▶ _Your objective_: Search the records for the string "circ", and show each line where it appears.

▶ _Exercise materials_:
<<<<
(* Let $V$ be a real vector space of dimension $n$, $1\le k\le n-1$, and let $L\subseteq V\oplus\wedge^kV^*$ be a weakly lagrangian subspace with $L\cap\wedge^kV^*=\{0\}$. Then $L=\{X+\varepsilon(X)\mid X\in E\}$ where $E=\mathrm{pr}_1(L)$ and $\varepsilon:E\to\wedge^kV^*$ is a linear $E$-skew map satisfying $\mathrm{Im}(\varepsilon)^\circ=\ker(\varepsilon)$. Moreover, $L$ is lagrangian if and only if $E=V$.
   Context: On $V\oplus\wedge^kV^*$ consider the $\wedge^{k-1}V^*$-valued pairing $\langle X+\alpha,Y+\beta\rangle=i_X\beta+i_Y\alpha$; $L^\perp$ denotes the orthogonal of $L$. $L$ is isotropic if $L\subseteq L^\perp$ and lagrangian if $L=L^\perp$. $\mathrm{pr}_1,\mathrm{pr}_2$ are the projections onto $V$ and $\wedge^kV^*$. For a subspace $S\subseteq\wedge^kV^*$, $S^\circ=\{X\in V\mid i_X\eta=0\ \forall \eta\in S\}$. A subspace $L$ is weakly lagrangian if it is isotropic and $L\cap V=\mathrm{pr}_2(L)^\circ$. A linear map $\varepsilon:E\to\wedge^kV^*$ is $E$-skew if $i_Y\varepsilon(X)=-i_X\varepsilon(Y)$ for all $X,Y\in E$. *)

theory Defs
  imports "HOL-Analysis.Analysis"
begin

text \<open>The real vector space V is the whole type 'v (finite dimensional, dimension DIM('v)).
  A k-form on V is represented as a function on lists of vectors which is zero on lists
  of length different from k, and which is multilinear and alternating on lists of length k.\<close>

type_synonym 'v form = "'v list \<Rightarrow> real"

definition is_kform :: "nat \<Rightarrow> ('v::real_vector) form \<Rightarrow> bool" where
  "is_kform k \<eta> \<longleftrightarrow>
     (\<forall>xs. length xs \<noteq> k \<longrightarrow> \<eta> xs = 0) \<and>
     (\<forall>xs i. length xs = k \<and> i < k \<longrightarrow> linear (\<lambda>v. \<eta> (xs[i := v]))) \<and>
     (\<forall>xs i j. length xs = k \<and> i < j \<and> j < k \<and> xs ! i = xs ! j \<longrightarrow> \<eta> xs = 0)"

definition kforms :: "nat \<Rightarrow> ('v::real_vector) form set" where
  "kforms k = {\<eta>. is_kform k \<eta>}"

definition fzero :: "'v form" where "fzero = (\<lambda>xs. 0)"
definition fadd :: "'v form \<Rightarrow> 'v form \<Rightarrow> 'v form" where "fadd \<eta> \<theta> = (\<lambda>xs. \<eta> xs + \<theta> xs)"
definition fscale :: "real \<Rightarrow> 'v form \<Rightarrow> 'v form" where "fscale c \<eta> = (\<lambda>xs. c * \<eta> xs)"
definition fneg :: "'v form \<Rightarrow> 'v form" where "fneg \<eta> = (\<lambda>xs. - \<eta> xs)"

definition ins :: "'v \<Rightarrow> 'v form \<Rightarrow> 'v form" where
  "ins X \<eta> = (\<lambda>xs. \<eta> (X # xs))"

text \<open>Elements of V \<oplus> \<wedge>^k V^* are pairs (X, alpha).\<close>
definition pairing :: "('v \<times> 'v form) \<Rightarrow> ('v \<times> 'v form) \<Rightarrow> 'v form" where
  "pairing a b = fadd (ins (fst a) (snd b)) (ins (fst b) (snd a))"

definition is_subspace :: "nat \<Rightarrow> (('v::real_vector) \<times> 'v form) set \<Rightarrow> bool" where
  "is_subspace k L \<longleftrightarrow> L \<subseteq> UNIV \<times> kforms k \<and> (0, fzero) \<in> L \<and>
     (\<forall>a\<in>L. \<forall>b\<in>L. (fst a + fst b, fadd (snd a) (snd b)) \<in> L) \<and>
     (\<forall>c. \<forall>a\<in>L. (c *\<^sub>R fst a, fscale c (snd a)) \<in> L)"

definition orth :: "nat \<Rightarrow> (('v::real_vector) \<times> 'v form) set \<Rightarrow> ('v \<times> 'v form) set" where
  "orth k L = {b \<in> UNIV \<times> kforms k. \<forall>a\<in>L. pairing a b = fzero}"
>>>>
▶ _Your response_:
(* Let $V$ be a real vector space of dimension $n$, $1\le k\le n-1$, and let $L\subseteq V\oplus\wedge^kV^*$ be a weakly lagrangian subspace with $L\cap\wedge^kV^*=\{0\}$. Then $L=\{X+\varepsilon(X)\mid X\in E\}$ where $E=\mathrm{pr}_1(L)$ and $\varepsilon:E\to\wedge^kV^*$ is a linear $E$-skew map satisfying $\mathrm{Im}(\varepsilon)^\circ=\ker(\varepsilon)$. Moreover, $L$ is lagrangian if and only if $E=V$.
   Context: On $V\oplus\wedge^kV^*$ consider the $\wedge^{k-1}V^*$-valued pairing $\langle X+\alpha,Y+\beta\rangle=i_X\beta+i_Y\alpha$; $L^\perp$ denotes the orthogonal of $L$. $L$ is isotropic if $L\subseteq L^\perp$ and lagrangian if $L=L^\perp$. $\mathrm{pr}_1,\mathrm{pr}_2$ are the projections onto $V$ and $\wedge^kV^*$. For a subspace $S\subseteq\wedge^kV^*$, $S^\circ=\{X\in V\mid i_X\eta=0\ \forall \eta\in S\}$. A subspace $L$ is weakly lagrangian if it is isotropic and $L\cap V=\mathrm{pr}_2(L)^\circ$. A linear map $\varepsilon:E\to\wedge^kV^*$ is $E$-skew if $i_Y\varepsilon(X)=-i_X\varepsilon(Y)$ for all $X,Y\in E$. *)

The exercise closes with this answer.